Data section start
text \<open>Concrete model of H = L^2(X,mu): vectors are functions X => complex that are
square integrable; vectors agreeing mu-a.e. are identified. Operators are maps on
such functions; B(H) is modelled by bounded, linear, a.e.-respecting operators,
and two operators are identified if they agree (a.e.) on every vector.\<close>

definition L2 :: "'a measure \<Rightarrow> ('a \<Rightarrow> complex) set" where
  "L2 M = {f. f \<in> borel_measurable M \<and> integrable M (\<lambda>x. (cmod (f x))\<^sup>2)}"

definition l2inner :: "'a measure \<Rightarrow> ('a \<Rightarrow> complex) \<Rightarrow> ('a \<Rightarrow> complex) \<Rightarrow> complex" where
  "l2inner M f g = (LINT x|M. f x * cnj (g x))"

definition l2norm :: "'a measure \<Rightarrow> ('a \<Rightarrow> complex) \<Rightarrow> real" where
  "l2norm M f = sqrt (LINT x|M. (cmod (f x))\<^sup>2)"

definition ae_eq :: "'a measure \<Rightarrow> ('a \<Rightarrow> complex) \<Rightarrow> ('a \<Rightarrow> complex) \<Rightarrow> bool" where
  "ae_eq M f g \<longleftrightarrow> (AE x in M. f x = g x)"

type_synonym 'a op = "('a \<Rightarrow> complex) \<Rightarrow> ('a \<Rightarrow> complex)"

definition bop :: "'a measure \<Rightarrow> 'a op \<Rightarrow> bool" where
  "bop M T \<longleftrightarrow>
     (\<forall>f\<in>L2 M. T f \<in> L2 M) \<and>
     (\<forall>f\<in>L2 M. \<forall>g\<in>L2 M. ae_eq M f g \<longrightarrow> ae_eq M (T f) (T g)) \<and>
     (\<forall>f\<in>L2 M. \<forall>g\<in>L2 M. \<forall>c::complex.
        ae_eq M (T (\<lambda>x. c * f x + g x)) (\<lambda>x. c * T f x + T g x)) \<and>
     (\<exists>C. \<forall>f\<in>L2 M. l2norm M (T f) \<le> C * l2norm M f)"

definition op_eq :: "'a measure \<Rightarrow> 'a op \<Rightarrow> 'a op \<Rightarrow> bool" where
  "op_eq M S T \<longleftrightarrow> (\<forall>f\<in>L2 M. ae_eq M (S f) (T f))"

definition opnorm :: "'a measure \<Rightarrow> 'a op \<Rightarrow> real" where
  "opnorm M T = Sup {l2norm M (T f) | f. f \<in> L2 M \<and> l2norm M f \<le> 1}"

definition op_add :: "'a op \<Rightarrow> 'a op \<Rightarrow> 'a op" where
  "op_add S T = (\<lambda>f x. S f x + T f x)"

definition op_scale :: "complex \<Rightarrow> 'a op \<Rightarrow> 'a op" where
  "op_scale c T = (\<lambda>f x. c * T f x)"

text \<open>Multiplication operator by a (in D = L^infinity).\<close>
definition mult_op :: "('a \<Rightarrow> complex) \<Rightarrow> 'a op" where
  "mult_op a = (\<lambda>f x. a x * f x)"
Data section end
Data section start
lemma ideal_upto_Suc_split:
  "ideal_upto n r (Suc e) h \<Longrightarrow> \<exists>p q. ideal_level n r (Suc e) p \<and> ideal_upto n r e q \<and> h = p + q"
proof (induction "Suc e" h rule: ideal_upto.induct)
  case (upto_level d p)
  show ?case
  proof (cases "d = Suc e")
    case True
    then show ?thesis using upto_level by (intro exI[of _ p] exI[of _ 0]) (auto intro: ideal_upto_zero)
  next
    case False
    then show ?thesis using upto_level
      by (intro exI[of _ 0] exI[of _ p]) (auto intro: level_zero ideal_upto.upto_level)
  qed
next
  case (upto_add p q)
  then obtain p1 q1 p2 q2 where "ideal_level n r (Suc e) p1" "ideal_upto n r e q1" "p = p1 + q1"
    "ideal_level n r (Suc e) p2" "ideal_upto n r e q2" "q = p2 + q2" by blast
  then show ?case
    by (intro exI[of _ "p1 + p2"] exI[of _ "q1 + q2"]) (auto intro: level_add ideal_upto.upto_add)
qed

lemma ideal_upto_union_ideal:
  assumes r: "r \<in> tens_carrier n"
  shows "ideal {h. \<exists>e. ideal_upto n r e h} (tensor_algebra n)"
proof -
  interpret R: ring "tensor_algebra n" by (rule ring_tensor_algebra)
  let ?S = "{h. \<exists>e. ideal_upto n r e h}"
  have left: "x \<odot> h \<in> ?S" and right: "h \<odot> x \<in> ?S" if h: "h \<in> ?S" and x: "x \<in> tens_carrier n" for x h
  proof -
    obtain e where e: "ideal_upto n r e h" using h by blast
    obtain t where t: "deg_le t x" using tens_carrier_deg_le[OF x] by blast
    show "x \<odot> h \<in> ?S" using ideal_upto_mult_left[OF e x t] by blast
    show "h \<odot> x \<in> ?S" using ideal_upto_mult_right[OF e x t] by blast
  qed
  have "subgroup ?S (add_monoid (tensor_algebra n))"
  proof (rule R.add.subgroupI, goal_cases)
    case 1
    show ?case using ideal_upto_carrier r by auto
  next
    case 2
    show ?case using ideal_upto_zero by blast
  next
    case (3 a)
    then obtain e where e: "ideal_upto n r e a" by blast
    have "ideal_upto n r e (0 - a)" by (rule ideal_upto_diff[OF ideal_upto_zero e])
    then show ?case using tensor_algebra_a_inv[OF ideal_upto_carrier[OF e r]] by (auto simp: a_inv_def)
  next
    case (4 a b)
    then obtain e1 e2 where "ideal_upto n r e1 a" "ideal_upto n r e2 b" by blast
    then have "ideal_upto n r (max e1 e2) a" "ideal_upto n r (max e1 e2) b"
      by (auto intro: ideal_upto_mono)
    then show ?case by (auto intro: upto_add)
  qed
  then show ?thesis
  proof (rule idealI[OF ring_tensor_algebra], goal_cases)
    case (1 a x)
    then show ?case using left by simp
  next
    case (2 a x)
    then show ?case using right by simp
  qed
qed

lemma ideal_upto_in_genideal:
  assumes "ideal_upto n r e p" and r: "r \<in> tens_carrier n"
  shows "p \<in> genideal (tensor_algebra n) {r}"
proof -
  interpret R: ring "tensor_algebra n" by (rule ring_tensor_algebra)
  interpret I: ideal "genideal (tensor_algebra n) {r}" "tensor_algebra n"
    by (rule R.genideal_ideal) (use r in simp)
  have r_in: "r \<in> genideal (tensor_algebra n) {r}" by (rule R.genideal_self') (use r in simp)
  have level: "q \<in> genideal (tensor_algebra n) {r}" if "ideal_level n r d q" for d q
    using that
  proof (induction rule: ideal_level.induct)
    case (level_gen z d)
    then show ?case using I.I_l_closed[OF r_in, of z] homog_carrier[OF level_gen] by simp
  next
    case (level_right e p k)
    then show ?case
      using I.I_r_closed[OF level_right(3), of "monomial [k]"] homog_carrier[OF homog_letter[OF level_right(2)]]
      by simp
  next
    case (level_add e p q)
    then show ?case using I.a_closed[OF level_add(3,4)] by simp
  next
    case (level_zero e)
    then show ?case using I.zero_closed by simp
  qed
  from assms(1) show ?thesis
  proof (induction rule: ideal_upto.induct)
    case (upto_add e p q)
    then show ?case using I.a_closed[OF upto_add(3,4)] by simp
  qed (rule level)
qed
Data section end
Looking at the data above, return every line from the one with "text \<open>Concrete model" down to the one with "L2 M \<and>", exactly and inclusively.

text \<open>Concrete model of H = L^2(X,mu): vectors are functions X => complex that are
square integrable; vectors agreeing mu-a.e. are identified. Operators are maps on
such functions; B(H) is modelled by bounded, linear, a.e.-respecting operators,
and two operators are identified if they agree (a.e.) on every vector.\<close>

definition L2 :: "'a measure \<Rightarrow> ('a \<Rightarrow> complex) set" where
  "L2 M = {f. f \<in> borel_measurable M \<and> integrable M (\<lambda>x. (cmod (f x))\<^sup>2)}"

definition l2inner :: "'a measure \<Rightarrow> ('a \<Rightarrow> complex) \<Rightarrow> ('a \<Rightarrow> complex) \<Rightarrow> complex" where
  "l2inner M f g = (LINT x|M. f x * cnj (g x))"

definition l2norm :: "'a measure \<Rightarrow> ('a \<Rightarrow> complex) \<Rightarrow> real" where
  "l2norm M f = sqrt (LINT x|M. (cmod (f x))\<^sup>2)"

definition ae_eq :: "'a measure \<Rightarrow> ('a \<Rightarrow> complex) \<Rightarrow> ('a \<Rightarrow> complex) \<Rightarrow> bool" where
  "ae_eq M f g \<longleftrightarrow> (AE x in M. f x = g x)"

type_synonym 'a op = "('a \<Rightarrow> complex) \<Rightarrow> ('a \<Rightarrow> complex)"

definition bop :: "'a measure \<Rightarrow> 'a op \<Rightarrow> bool" where
  "bop M T \<longleftrightarrow>
     (\<forall>f\<in>L2 M. T f \<in> L2 M) \<and>
     (\<forall>f\<in>L2 M. \<forall>g\<in>L2 M. ae_eq M f g \<longrightarrow> ae_eq M (T f) (T g)) \<and>
     (\<forall>f\<in>L2 M. \<forall>g\<in>L2 M. \<forall>c::complex.
        ae_eq M (T (\<lambda>x. c * f x + g x)) (\<lambda>x. c * T f x + T g x)) \<and>
     (\<exists>C. \<forall>f\<in>L2 M. l2norm M (T f) \<le> C * l2norm M f)"

definition op_eq :: "'a measure \<Rightarrow> 'a op \<Rightarrow> 'a op \<Rightarrow> bool" where
  "op_eq M S T \<longleftrightarrow> (\<forall>f\<in>L2 M. ae_eq M (S f) (T f))"

definition opnorm :: "'a measure \<Rightarrow> 'a op \<Rightarrow> real" where
  "opnorm M T = Sup {l2norm M (T f) | f. f \<in> L2 M \<and> l2norm M f \<le> 1}"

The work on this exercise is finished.